What you have Tried:
1) I have tried many NoSQL databases, however we found not so good for our purpose.
2) I have build our custom hashmap(using two parallel arrays) for that purpose.
So, what the issue is:
When the system starts we have to load our hashtable of each database and perform search for million of url:
Now, issue is,
1) Though the HashTable performance is quite nice, code takes more time while loading HashTable (we are using File Channel & memory-mapped buffer to load it which takes 20 seconds to load HashTable - 220 millions entry - as load factor is 0.5, we found it most faster)
So, we are spending time: (HashTable Load + HashTable Search) * No. of DB = (5 + 20) * 10 = 250 seconds. Which is quite expensive for us and most of the time (200 out of 250 sec) is going for loading hashtables.
Have you think any-other way:
One way can be:
Without worrying about loading and storing, and leave caching to the operating system by using a memory-mapped buffer. But, as I have to search for millions of keys, it gives worser performance than above.
As we found HashTable performance is nice but loading time is high, we thought to cut it off in another way like:
1) Create an array of Linked Lists of the size Integer_MAX (my own custom linked list).
2) Insert values (int's) to the Linked Lists whose number is key number (we reduce the key size to INT).
3) So, we have to store only the linked lists to the disks.
Now, issue is, it is taking lots of time to create such amount of Linked Lists and creating such large amount of Linked Lists has no meaning if data is not well distributed.
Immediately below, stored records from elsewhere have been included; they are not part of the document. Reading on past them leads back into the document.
(* Let $p\geq 2$ be an even integer and let $U_p=\bigcup_{n\in 2\mathbb Z_+}\mathbb Z_p^n$. Let $\boldsymbol a,\boldsymbol b\in U_p$ be equivalent (in the sense defined in the context). Then $\varepsilon_p(\boldsymbol a)=\varepsilon_p(\boldsymbol b)$.
   Context: $\mathbb Z_+$ denotes the positive integers and $\mathbb Z_p=\mathbb Z/p\mathbb Z$. Two elements of $U_p$ are called equivalent if they are related by a finite sequence of the following transformations of $(a_1,\ldots,a_n)\in\mathbb Z_p^n$ ($n$ even): (Op1) $(a_1,\ldots,a_n)\to(a_2,\ldots,a_n,a_1)$; (Op2) $(a_1,\ldots,a_n)\to(a, a_2+(-1)^2(a_1-a),\ldots,a_i+(-1)^i(a_1-a),\ldots,a_n+(-1)^n(a_1-a))$ for any $a\in\mathbb Z_p$; (Op3) $(a_1,\ldots,a_n)\to(a, a_1-a_2+a,\ldots,a_1-a_i+a,\ldots,a_1-a_n+a)$ for any $a\in\mathbb Z_p$; (Op4) $(a_1,\ldots,a_n)\to(a_1,-a_1+a_2+a_3,a_3,\ldots,a_n)$ when $n>3$. For $p$ even, parity of elements of $\mathbb Z_p$ is well defined, and $\varepsilon_p:U_p\to\mathbb Z\cup\{\infty\}$ is defined by $\varepsilon_p(a_1,\ldots,a_n)=0$ if $a_1+a_2\equiv a_2+a_3\equiv\cdots\equiv a_n+a_1\equiv 0\pmod 2$, $=1$ if $a_1+a_2\equiv\cdots\equiv a_n+a_1\equiv 1\pmod 2$, and $=\infty$ otherwise. *)

theory Defs
  imports Main "HOL-Library.Extended_Nat"
begin

text \<open>Elements of Z_p are represented by their canonical representatives in {0..<p};
  a tuple (a_1,...,a_n) is the list [a_1,...,a_n] (0-indexed: a_i = xs ! (i-1)).\<close>

definition U :: "int \<Rightarrow> int list set" where
  "U p = {xs. 0 < length xs \<and> even (length xs) \<and> set xs \<subseteq> {0..<p}}"

definition op1 :: "int list \<Rightarrow> int list" where
  "op1 xs = rotate1 xs"

definition op2 :: "int \<Rightarrow> int \<Rightarrow> int list \<Rightarrow> int list" where
  "op2 p a xs = map (\<lambda>j. if j = 0 then a mod p
       else (xs ! j + (-1) ^ (j + 1) * (xs ! 0 - a)) mod p) [0..<length xs]"

definition op3 :: "int \<Rightarrow> int \<Rightarrow> int list \<Rightarrow> int list" where
  "op3 p a xs = map (\<lambda>j. if j = 0 then a mod p
       else (xs ! 0 - xs ! j + a) mod p) [0..<length xs]"

definition op4 :: "int \<Rightarrow> int list \<Rightarrow> int list" where
  "op4 p xs = xs[1 := (- xs ! 0 + xs ! 1 + xs ! 2) mod p]"

definition step :: "int \<Rightarrow> int list \<Rightarrow> int list \<Rightarrow> bool" where
  "step p xs ys \<longleftrightarrow> xs \<in> U p \<and>
     (ys = op1 xs
      \<or> (\<exists>a\<in>{0..<p}. ys = op2 p a xs)
      \<or> (\<exists>a\<in>{0..<p}. ys = op3 p a xs)
      \<or> (length xs > 3 \<and> ys = op4 p xs))"

definition equiv_U :: "int \<Rightarrow> int list \<Rightarrow> int list \<Rightarrow> bool" where
  "equiv_U p xs ys \<longleftrightarrow> (symclp (step p))\<^sup>*\<^sup>* xs ys"

definition eps :: "int list \<Rightarrow> enat" where
  "eps xs =
    (if \<forall>i<length xs. even (xs ! i + xs ! ((i + 1) mod length xs)) then 0
     else if \<forall>i<length xs. odd (xs ! i + xs ! ((i + 1) mod length xs)) then 1
     else \<infinity>)"

end

theory Submission
  imports Defs "HOL-Combinatorics.Transposition"
begin

text \<open>\<open>\<epsilon>\<^sub>p\<close> only sees the parities of the cyclic sums \<open>a\<^sub>i + a\<^sub>i\<^sub>+\<^sub>1\<close>, and in fact
  only which parities occur among them. Since \<open>p\<close> is even, reduction mod \<open>p\<close> preserves parity.
  Op1 rotates the sequence of sum parities; Op2 and Op3 change the parity of every entry
  by the same amount, leaving all sums' parities fixed; Op4 exchanges the parities of the
  first two sums. None of these changes the set of occurring parities.\<close>

definition adj_sum_even :: "int list \<Rightarrow> nat \<Rightarrow> bool" where
  "adj_sum_even xs i \<longleftrightarrow> even (xs ! i + xs ! (Suc i mod length xs))"

abbreviation adj_sum_parities :: "int list \<Rightarrow> bool set" where
  "adj_sum_parities xs \<equiv> adj_sum_even xs ` {..<length xs}"

lemma eps_eq_adj_sum_parities:
  "eps xs = (if False \<notin> adj_sum_parities xs then 0
             else if True \<notin> adj_sum_parities xs then 1 else \<infinity>)"
  unfolding eps_def adj_sum_even_def by auto

lemma eps_eqI: "adj_sum_parities xs = adj_sum_parities ys \<Longrightarrow> eps xs = eps ys"
  by (simp add: eps_eq_adj_sum_parities)

lemma eps_eq_if_uniform_parity_shift:
  assumes "length ys = length xs" and "\<And>j. j < length xs \<Longrightarrow> even (ys ! j) \<longleftrightarrow> even (xs ! j + c)"
  shows "eps ys = eps xs"
proof (rule eps_eqI)
  have "adj_sum_even ys i = adj_sum_even xs i" if "i < length xs" for i
  proof -
    have "Suc i mod length xs < length xs"
      using that by (intro mod_less_divisor) linarith
    then have "even (ys ! i + ys ! (Suc i mod length xs))
        \<longleftrightarrow> even (xs ! i + xs ! (Suc i mod length xs) + 2 * c)"
      using assms(2) that by auto
    then show ?thesis
      by (simp add: adj_sum_even_def assms(1))
  qed
  then show "adj_sum_parities ys = adj_sum_parities xs"
    using assms(1) by simp
qed

lemma image_Suc_mod_lessThan: "0 < n \<Longrightarrow> (\<lambda>i. Suc i mod n) ` {..<n} = {..<n}"
proof (intro equalityI subsetI)
  fix n j :: nat assume "0 < n" "j \<in> {..<n}"
  then show "j \<in> (\<lambda>i. Suc i mod n) ` {..<n}"
  proof (cases j)
    case 0
    with \<open>0 < n\<close> show ?thesis
      by (auto intro!: image_eqI[where x = "n - 1"])
  next
    case (Suc k)
    with \<open>j \<in> {..<n}\<close> show ?thesis
      by (auto intro!: image_eqI[where x = k])
  qed
qed auto

lemma eps_op1: "xs \<noteq> [] \<Longrightarrow> eps (op1 xs) = eps xs"
proof (rule eps_eqI)
  let ?n = "length xs"
  assume "xs \<noteq> []"
  then have "adj_sum_even (op1 xs) i = adj_sum_even xs (Suc i mod ?n)" if "i < ?n" for i
    using that by (simp add: adj_sum_even_def op1_def nth_rotate1 mod_Suc_eq)
  then have "adj_sum_parities (op1 xs) = adj_sum_even xs ` (\<lambda>i. Suc i mod ?n) ` {..<?n}"
    by (simp add: op1_def image_image)
  also have "\<dots> = adj_sum_parities xs"
    using \<open>xs \<noteq> []\<close> by (simp add: image_Suc_mod_lessThan)
  finally show "adj_sum_parities (op1 xs) = adj_sum_parities xs" .
qed

lemma eps_op2: "even p \<Longrightarrow> eps (op2 p a xs) = eps xs"
proof (rule eps_eq_if_uniform_parity_shift[where c = "a - xs ! 0"])
  fix j assume "even p" "j < length xs"
  moreover have "even (xs ! j + (-1) ^ (j + 1) * (xs ! 0 - a)) \<longleftrightarrow> even (xs ! j + (a - xs ! 0))"
    by auto
  ultimately show "even (op2 p a xs ! j) \<longleftrightarrow> even (xs ! j + (a - xs ! 0))"
    by (auto simp: op2_def dvd_mod_iff)
qed (simp add: op2_def)

lemma eps_op3: "even p \<Longrightarrow> eps (op3 p a xs) = eps xs"
proof (rule eps_eq_if_uniform_parity_shift[where c = "xs ! 0 + a"])
  fix j assume "even p" "j < length xs"
  then show "even (op3 p a xs ! j) \<longleftrightarrow> even (xs ! j + (xs ! 0 + a))"
    by (auto simp: op3_def dvd_mod_iff)
qed (simp add: op3_def)

lemma eps_op4:
  assumes "length xs > 3" and "even p"
  shows "eps (op4 p xs) = eps xs"
proof (rule eps_eqI)
  let ?n = "length xs" and ?ys = "op4 p xs"
  have length_ys: "length ?ys = ?n"
    by (simp add: op4_def)
  have ys_nth: "?ys ! k = xs ! k" if "k \<noteq> 1" for k
    using that by (simp add: op4_def)
  have ys_1_parity: "even (?ys ! 1) \<longleftrightarrow> even (xs ! 0 + xs ! 1 + xs ! 2)"
    using assms by (auto simp: op4_def dvd_mod_iff)
  have "adj_sum_even ?ys k = adj_sum_even xs (transpose 0 1 k)" if "k < ?n" for k
  proof -
    consider "k = 0" | "k = 1" | "k \<ge> 2" "k + 1 < ?n" | "k + 1 = ?n"
      using \<open>k < ?n\<close> by linarith
    then show ?thesis
    proof cases
      case 1
      have "even (xs ! 0 + ?ys ! 1) \<longleftrightarrow> even (xs ! 1 + xs ! 2)"
        using ys_1_parity by auto
      with 1 assms(1) show ?thesis
        by (simp add: adj_sum_even_def length_ys ys_nth numeral_2_eq_2)
    next
      case 2
      have "even (?ys ! 1 + xs ! 2) \<longleftrightarrow> even (xs ! 0 + xs ! 1)"
        using ys_1_parity by auto
      with 2 assms(1) show ?thesis
        by (simp add: adj_sum_even_def length_ys ys_nth numeral_2_eq_2)
    next
      case 3
      then show ?thesis
        by (simp add: adj_sum_even_def length_ys ys_nth)
    next
      case 4
      with assms(1) show ?thesis
        by (simp add: adj_sum_even_def length_ys ys_nth)
    qed
  qed
  then have "adj_sum_parities ?ys = adj_sum_even xs ` transpose 0 1 ` {..<?n}"
    by (simp add: length_ys image_image)
  also have "\<dots> = adj_sum_parities xs"
    using assms(1) by (subst transpose_image_eq) auto
  finally show "adj_sum_parities ?ys = adj_sum_parities xs" .
qed

lemma eps_step: "even p \<Longrightarrow> step p xs ys \<Longrightarrow> eps xs = eps ys"
  unfolding step_def U_def
  by (elim conjE disjE bexE) (simp_all add: eps_op1 eps_op2 eps_op3 eps_op4)

lemma equivclp_invariant:
  assumes "equivclp r x y" and "\<And>u v. r u v \<Longrightarrow> f u = f v"
  shows "f x = f y"
  using assms(1) by (induction rule: equivclp_induct) (auto dest: assms(2))

theorem mainTheorem2:
  fixes p :: int and a b :: "int list"
  assumes "p \<ge> 2" and "even p"
    and "a \<in> U p" and "b \<in> U p"
    and "equiv_U p a b"
  shows "eps a = eps b"
  using assms(5) eps_step[OF assms(2)]
  unfolding equiv_U_def equivclp_def[symmetric]
  by (rule equivclp_invariant)

end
So, What is your requirements:
Simply my requirements:
1) Key with multiple values insertion and searching. Looking for nice searching performance.
2) Fast way to load (specially) into memory.
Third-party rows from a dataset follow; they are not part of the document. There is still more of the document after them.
(* Let $G$ be an étale groupoid with base $T=G^{(0)}$, $T_0$ a totally disconnected $G$-space whose structure map $g\colon T_0\to T$ is proper with fibers of at most $N$ points, $T_n$ the $(n+1)$-fold fiber product of $T_0$ over $T$, and $g_n\colon T_n\to T$ the induced map. Let $F$ be a $G$-sheaf, $F^n=(g_n)_*(g_n^*F)$, and $F^{n,a}\subset F^n$ the alternating subsheaf. Then $F^{n,a}$ is c-soft.
   Context: All spaces are second countable locally compact Hausdorff. $T_n=\{(x_0,\dots,x_n)\in T_0^{n+1}:g(x_0)=\dots=g(x_n)\}$, $g_n(x_0,\dots,x_n)=g(x_0)$; $S_{n+1}$ acts on $T_n$ by permuting coordinates, hence on $F^n$ (using $\Gamma(U,F^n)=\Gamma(g_n^{-1}(U),g_n^*F)$). $T_n^f\subset T_n$ is the open set of points with pairwise distinct coordinates. For $U\subset T$ open, $\Gamma(U,F^{n,a})=\{x\in\Gamma(U,F^n): \operatorname{supp}x\subset T_n^f,\ s x=(-1)^{|s|}x\ \forall s\in S_{n+1}\}$. A sheaf is c-soft if every section over a compact subset extends to a global section. *)

theory Defs
  imports "HOL-Analysis.Analysis" "HOL-Combinatorics.Permutations"
begin

definition sclch :: "'a topology \<Rightarrow> bool" where
  "sclch X \<longleftrightarrow> second_countable X \<and> locally_compact_space X \<and> Hausdorff_space X"
(* Let $\underline{E}=(E_p)_{p\in\mathbb{P}}$ be a family with $E_p\subseteq\overline{\mathbb{Z}_p}$ for every prime $p$, and let $R=\textnormal{Int}_{\mathbb{Q}}(\underline{E},\overline{\widehat{\mathbb{Z}}})$. Let $P$ be a finite set of primes and let $S$ be the multiplicative subset of $\mathbb{Z}$ generated by $\mathbb{P}\setminus P$. Then $$S^{-1}R=\bigcap_{p\in P}\textnormal{Int}_{\mathbb{Q}}(E_p,\overline{\mathbb{Z}_p}).$$ In particular, for each prime $p$, $(\mathbb{Z}\setminus p\mathbb{Z})^{-1}R=\textnormal{Int}_{\mathbb{Q}}(E_p,\overline{\mathbb{Z}_p})$.
   Context: $\mathbb{P}$ is the set of prime numbers. For a prime $p$, $\mathbb{Z}_p$ is the ring of $p$-adic integers, $\overline{\mathbb{Q}_p}$ a fixed algebraic closure of $\mathbb{Q}_p$, $\overline{\mathbb{Z}_p}$ the integral closure of $\mathbb{Z}_p$ in $\overline{\mathbb{Q}_p}$, and $v_p$ the unique extension of the $p$-adic valuation to $\overline{\mathbb{Q}_p}$. For $E_p\subseteq\overline{\mathbb{Z}_p}$, $\textnormal{Int}_{\mathbb{Q}}(E_p,\overline{\mathbb{Z}_p})=\{f\in\mathbb{Q}[X]\mid f(\alpha)\in\overline{\mathbb{Z}_p}\ \forall\alpha\in E_p\}$ (this is $\mathbb{Q}[X]$ if $E_p=\emptyset$). For a family $\underline{E}=(E_p)_p$ (written $\prod_pE_p\subseteq\overline{\widehat{\mathbb{Z}}}=\prod_p\overline{\mathbb{Z}_p}$; components may be empty), $\textnormal{Int}_{\mathbb{Q}}(\underline{E},\overline{\widehat{\mathbb{Z}}})=\bigcap_{p\in\mathbb{P}}\textnormal{Int}_{\mathbb{Q}}(E_p,\overline{\mathbb{Z}_p})$, i.e. the polynomials $f\in\mathbb{Q}[X]$ with $f(\alpha_p)\in\overline{\mathbb{Z}_p}$ for all $p$ and all $\alpha_p\in E_p$. *)

theory Defs
  imports "HOL-Algebra.Algebraic_Closure" "HOL-Computational_Algebra.Computational_Algebra"
begin

definition rat_vp :: "nat \<Rightarrow> rat \<Rightarrow> int" where
  "rat_vp p q = (case quotient_of q of (a, b) \<Rightarrow>
      int (Factorial_Ring.multiplicity (int p) a) - int (Factorial_Ring.multiplicity (int p) b))"

definition padic_cauchy :: "nat \<Rightarrow> (nat \<Rightarrow> rat) \<Rightarrow> bool" where
  "padic_cauchy p u \<longleftrightarrow>
     (\<forall>k::int. \<exists>N::nat. \<forall>m n. N \<le> m \<longrightarrow> N \<le> n \<longrightarrow> u m = u n \<or> k \<le> rat_vp p (u m - u n))"

definition padic_null :: "nat \<Rightarrow> (nat \<Rightarrow> rat) \<Rightarrow> bool" where
  "padic_null p u \<longleftrightarrow> (\<forall>k::int. \<exists>N::nat. \<forall>n. N \<le> n \<longrightarrow> u n = 0 \<or> k \<le> rat_vp p (u n))"

definition padic_rel :: "nat \<Rightarrow> ((nat \<Rightarrow> rat) \<times> (nat \<Rightarrow> rat)) set" where
  "padic_rel p = {(u, w). padic_cauchy p u \<and> padic_cauchy p w \<and> padic_null p (\<lambda>n. u n - w n)}"

definition padic_class :: "nat \<Rightarrow> (nat \<Rightarrow> rat) \<Rightarrow> (nat \<Rightarrow> rat) set" where
  "padic_class p u = padic_rel p `` {u}"

definition Qp :: "nat \<Rightarrow> (nat \<Rightarrow> rat) set ring" where
  "Qp p = \<lparr> carrier = {u. padic_cauchy p u} // padic_rel p,
            monoid.mult = (\<lambda>A B. padic_class p (\<lambda>n. (SOME u. u \<in> A) n * (SOME w. w \<in> B) n)),
            one = padic_class p (\<lambda>_. 1),
            zero = padic_class p (\<lambda>_. 0),
            add = (\<lambda>A B. padic_class p (\<lambda>n. (SOME u. u \<in> A) n + (SOME w. w \<in> B) n)) \<rparr>"

text \<open>Z_p: the closure of Z in Q_p (classes with an integer-valued representative).\<close>
definition Zp :: "nat \<Rightarrow> (nat \<Rightarrow> rat) set set" where
  "Zp p = {A \<in> carrier (Qp p). \<exists>u\<in>A. \<forall>n. u n \<in> \<int>}"

type_synonym qbar = "(((nat \<Rightarrow> rat) set list \<times> nat) multiset \<Rightarrow> (nat \<Rightarrow> rat) set)"

definition Qpbar :: "nat \<Rightarrow> qbar ring" where
  "Qpbar p = field.alg_closure (Qp p)"

definition emb :: "nat \<Rightarrow> (nat \<Rightarrow> rat) set \<Rightarrow> qbar" where
  "emb p = ring.indexed_const (Qp p)"

text \<open>Elements of the algebraic closure that are integral over Z_p (roots of a monic polynomial
  with coefficients in Z_p; polynomials are HOL-Algebra coefficient lists, leading coefficient first).\<close>
definition Zpbar :: "nat \<Rightarrow> qbar set" where
  "Zpbar p = {x \<in> carrier (Qpbar p). \<exists>q. q \<noteq> [] \<and> hd q = \<one>\<^bsub>Qpbar p\<^esub> \<and>
       set (tl q) \<subseteq> emb p ` Zp p \<and> ring.eval (Qpbar p) q x = \<zero>\<^bsub>Qpbar p\<^esub>}"

definition rat_to_Qpbar :: "nat \<Rightarrow> rat \<Rightarrow> qbar" where
  "rat_to_Qpbar p r = emb p (padic_class p (\<lambda>_. r))"

definition qeval :: "nat \<Rightarrow> rat poly \<Rightarrow> qbar \<Rightarrow> qbar" where
  "qeval p f \<alpha> = finsum (Qpbar p)
      (\<lambda>i. rat_to_Qpbar p (coeff f i) \<otimes>\<^bsub>Qpbar p\<^esub> (\<alpha> [^]\<^bsub>Qpbar p\<^esub> i)) {..degree f}"

definition IntQ :: "nat \<Rightarrow> qbar set \<Rightarrow> rat poly set" where
  "IntQ p E = {f. \<forall>\<alpha>\<in>E. qeval p f \<alpha> \<in> Zpbar p}"

definition IntQ_family :: "(nat \<Rightarrow> qbar set) \<Rightarrow> rat poly set" where
  "IntQ_family E = {f. \<forall>p. prime p \<longrightarrow> f \<in> IntQ p (E p)}"

inductive_set mult_gen :: "nat set \<Rightarrow> int set" for P :: "nat set" where
  one: "1 \<in> mult_gen P"
| step: "prime q \<Longrightarrow> q \<notin> P \<Longrightarrow> s \<in> mult_gen P \<Longrightarrow> int q * s \<in> mult_gen P"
(keys are 64 bit INT and Values are 32 bit INT, one key can have at most 2-3 values. We can make our key 32 bit also but will give more collisions, but acceptable for us, if we can make it better).
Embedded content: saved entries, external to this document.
lemma assemblages_L_obtain:
  assumes "sig \<in> assemblages_L n d"
  obtains \<Lambda> :: "nat set" and q \<rho> p where "\<forall>l\<in>\<Lambda>. 0 \<le> q l" "(\<Sum>l\<in>\<Lambda>. q l) = 1"
    "\<forall>l\<in>\<Lambda>. density_mat d (\<rho> l)"
    "\<forall>l\<in>\<Lambda>. \<forall>x\<in>{1..n}. (\<forall>a\<in>{1,2::nat}. 0 \<le> p l a x) \<and> p l 1 x + p l 2 x = 1"
    "\<forall>x\<in>{1..n}. \<forall>a\<in>{1,2::nat}. sig x a = msum d (\<lambda>l. complex_of_real (q l * p l a x) \<cdot>\<^sub>m \<rho> l) \<Lambda>"
  using assms unfolding assemblages_L_def by blast

lemma norm_response_weighted_le:
  assumes "0 \<le> q" "0 \<le> p1" "0 \<le> p2" "p1 + p2 = 1"
  shows "cmod (complex_of_real (q * (p1 - p2)) * z) \<le> q * cmod z"
proof -
  have "q * (\<bar>p1 - p2\<bar> * cmod z) \<le> q * (1 * cmod z)"
    using assms by (intro mult_left_mono mult_right_mono) auto
  then have "q * \<bar>p1 - p2\<bar> * cmod z \<le> q * cmod z"
    by (simp add: mult.assoc)
  then show ?thesis
    using assms(1) by (simp only: norm_mult norm_of_real abs_mult abs_of_nonneg)
qed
Can anyone help me, how to solve this or any comment how to solve this issue ?
Thanks.
NB:
1) As per previous suggestions of Stack Overflow, Pre-read data for disk caching is not possible because when system starts our application will start working and on next day when system starts.
2) We have not found NoSQL db's are scaling well as our requirements are simple (means just insert hashtable key value and load and search (retrieve values)).
3) As our application is a part of small project and to be applied on a small campus, I don't think anybody will buy me a SSD disk for that. That is my limitation.
4) We use Guava/ Trove also but they are not able to store such large amount of data in 16 GB also (we are using 32 GB ubuntu server.)
If you need quick access to 1110 million data items then hashing is the way to go. But dont reinvent the wheel, use something like:
memcacheDB: http://memcachedb.org
MongoDB: http://www.mongodb.org
Cassandra: http://cassandra.apache.org
It seems to me (if I understand your problem correctly) that you are trying to approach the problem in a convoluted manner.
I mean the data you are trying to pre-load are huge to begin with (let's say 220 Million * 64 ~ 14GB). And you are trying to memory-map etc for this.
I think this is a typical problem that is solved by distributing the load in different machines. I.e. instead of trying to locate the linked list index you should be trying to figure out the index of the appropriate machine that a specific part of the map has been loaded and get the value from that machine from there (each machine has loaded part of this database map and you get the data from the appropriate part of the map i.e. machine each time).
Maybe I am way off here but I also suspect you are using a 32bit machine.
So if you have to stay using a one machine architecture and it is not economically possible to improve your hardware (64-bit machine and more RAM or SSD as you point out) I don't think that you can make any dramatic improvement.
I don't really understand in what form you are storing the data on disk. If what you are storing consists of urls and some numbers, you might be able to speed up loading from disk quite a bit by compressing the data (unless you are already doing that).
Creating a multithreaded loader that decompresses while loading might be able to give you quite a big boost.